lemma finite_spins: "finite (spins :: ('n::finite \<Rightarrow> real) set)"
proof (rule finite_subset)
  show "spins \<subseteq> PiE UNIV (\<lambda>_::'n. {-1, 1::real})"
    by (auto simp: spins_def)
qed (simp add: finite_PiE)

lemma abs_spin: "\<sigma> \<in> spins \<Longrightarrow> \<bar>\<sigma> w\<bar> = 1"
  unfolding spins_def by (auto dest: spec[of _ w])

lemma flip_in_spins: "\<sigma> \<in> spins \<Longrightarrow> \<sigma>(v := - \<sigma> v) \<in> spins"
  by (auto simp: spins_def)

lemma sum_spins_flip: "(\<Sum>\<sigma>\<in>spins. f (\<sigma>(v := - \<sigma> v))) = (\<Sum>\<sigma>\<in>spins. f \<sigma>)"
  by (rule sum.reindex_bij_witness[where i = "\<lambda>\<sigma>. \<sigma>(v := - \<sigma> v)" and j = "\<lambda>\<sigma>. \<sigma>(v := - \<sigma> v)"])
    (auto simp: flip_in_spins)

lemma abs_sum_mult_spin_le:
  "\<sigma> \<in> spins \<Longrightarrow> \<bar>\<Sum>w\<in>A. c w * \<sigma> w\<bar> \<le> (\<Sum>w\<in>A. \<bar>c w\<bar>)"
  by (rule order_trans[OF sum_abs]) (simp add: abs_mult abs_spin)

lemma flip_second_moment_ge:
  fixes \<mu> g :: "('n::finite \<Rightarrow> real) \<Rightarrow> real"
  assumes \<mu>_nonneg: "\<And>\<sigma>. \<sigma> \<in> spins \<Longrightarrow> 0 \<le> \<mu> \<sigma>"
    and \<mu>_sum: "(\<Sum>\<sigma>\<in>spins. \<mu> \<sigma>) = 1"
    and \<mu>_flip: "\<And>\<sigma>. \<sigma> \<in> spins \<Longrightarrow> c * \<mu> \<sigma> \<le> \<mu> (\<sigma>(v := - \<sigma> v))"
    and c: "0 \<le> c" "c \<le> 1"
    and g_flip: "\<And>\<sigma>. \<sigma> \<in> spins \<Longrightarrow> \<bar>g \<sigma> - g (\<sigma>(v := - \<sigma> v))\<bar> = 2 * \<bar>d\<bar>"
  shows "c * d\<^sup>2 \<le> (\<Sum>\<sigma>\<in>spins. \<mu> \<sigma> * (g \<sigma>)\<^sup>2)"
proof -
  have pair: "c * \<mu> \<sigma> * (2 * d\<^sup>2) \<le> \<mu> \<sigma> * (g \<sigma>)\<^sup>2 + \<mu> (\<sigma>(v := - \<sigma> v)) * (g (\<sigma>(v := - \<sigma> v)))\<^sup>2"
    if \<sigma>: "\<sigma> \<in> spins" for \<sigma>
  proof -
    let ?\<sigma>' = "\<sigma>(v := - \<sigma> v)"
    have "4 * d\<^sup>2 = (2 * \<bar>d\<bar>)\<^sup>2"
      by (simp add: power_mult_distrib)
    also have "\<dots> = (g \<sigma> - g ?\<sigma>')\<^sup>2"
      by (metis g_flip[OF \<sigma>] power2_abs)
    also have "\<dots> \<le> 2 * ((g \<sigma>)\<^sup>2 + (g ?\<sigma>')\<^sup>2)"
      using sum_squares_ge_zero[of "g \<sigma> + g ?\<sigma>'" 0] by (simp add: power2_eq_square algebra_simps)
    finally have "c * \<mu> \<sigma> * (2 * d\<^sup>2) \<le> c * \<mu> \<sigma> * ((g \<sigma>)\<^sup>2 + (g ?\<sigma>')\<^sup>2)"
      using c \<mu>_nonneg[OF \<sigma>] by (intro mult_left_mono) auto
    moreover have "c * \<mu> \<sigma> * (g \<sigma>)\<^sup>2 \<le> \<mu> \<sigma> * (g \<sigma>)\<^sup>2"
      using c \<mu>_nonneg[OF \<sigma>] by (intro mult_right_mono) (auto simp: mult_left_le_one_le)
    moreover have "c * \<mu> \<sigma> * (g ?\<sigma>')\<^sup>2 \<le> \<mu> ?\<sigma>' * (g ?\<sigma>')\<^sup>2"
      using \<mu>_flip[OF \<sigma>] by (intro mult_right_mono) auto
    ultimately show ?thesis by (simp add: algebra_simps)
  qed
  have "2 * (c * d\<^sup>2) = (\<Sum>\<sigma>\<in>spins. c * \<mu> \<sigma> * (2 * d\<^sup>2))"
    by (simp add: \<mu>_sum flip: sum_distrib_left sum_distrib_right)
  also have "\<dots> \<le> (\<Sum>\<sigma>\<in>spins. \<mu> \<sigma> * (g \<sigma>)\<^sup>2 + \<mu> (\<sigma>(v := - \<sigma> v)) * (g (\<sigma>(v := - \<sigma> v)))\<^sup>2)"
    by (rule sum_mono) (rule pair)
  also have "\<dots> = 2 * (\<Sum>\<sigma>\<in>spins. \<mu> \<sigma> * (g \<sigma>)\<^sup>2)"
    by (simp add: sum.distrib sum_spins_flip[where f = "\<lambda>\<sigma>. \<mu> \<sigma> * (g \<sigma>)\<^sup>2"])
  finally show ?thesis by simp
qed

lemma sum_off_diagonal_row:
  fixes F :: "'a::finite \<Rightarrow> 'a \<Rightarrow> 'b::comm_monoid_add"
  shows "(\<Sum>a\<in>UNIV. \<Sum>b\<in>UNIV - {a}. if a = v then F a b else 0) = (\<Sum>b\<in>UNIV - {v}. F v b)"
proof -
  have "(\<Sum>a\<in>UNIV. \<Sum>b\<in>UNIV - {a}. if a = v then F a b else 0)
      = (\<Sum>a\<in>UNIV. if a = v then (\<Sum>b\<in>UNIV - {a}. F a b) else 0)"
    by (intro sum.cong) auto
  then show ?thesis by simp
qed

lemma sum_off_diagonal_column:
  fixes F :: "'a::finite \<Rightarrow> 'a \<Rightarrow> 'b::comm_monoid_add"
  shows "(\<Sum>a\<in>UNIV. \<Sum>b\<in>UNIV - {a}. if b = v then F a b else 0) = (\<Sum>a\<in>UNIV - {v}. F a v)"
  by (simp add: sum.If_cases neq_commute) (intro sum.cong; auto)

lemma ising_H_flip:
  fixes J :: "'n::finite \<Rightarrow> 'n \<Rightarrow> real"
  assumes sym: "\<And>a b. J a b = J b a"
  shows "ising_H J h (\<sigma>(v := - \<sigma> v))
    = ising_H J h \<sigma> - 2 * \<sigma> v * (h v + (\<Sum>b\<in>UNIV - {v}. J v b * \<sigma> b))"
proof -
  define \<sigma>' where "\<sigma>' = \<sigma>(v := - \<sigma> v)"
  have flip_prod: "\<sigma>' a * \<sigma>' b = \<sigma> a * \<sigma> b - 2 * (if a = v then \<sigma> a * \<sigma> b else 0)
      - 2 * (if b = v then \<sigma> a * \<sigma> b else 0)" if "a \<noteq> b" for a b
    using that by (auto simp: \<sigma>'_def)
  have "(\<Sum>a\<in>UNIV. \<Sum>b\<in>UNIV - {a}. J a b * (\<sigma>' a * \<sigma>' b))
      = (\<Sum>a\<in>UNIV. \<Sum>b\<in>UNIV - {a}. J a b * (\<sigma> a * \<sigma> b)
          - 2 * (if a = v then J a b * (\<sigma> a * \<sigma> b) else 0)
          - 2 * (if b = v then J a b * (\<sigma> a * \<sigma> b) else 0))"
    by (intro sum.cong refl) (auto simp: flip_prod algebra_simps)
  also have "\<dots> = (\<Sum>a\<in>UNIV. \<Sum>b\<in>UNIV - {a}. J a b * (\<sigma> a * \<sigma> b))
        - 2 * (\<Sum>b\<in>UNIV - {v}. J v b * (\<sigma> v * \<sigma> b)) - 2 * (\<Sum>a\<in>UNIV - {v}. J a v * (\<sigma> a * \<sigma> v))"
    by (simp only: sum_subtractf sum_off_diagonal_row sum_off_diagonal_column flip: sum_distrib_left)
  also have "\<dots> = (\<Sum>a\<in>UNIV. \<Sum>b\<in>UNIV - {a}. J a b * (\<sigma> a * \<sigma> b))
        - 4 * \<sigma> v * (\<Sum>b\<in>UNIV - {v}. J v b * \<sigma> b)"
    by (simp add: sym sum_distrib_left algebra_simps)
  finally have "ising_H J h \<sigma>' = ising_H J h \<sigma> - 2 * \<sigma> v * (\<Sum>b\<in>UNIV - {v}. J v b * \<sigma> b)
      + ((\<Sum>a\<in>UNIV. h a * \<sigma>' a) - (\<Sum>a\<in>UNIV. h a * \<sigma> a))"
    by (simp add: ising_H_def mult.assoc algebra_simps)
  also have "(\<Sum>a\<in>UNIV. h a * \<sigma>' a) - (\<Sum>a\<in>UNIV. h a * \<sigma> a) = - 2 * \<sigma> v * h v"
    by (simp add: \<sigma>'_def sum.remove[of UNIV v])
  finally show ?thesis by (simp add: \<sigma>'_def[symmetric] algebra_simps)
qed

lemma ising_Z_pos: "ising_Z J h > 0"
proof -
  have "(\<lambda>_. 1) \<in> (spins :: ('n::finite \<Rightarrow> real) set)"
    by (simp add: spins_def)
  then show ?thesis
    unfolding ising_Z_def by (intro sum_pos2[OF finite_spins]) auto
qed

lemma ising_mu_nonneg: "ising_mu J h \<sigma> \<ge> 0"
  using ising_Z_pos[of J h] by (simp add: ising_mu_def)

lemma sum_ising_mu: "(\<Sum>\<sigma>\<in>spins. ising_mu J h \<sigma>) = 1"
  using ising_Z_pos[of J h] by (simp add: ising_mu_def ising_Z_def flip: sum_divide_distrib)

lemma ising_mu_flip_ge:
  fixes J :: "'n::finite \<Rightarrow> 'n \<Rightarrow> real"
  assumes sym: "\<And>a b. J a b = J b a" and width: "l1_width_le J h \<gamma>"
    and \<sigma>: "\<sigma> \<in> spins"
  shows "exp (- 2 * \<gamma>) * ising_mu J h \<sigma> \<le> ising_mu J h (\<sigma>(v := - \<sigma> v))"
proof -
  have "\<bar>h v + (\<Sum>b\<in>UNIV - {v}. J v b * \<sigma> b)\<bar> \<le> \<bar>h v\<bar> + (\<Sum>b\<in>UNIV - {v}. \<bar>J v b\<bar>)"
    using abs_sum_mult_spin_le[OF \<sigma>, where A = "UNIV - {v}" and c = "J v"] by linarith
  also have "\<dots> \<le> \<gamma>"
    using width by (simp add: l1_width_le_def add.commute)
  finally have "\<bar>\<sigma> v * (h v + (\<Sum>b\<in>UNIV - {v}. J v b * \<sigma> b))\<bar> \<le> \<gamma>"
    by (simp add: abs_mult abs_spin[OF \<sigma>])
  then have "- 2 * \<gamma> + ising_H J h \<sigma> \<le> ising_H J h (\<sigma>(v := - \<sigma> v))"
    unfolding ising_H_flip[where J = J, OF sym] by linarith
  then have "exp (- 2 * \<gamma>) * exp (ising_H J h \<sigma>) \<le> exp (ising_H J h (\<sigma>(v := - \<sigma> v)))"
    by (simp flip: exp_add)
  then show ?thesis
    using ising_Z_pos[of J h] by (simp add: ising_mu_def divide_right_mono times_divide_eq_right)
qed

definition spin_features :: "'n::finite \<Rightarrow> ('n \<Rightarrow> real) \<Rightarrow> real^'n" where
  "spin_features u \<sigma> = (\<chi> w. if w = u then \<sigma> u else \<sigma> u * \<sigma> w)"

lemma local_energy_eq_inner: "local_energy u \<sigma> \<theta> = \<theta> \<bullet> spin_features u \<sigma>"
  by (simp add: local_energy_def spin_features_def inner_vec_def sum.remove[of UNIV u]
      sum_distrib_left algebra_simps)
----------------
Work task: For the records above, give the number of lines that include the string "moreover", with nothing added.

Result of this task: 2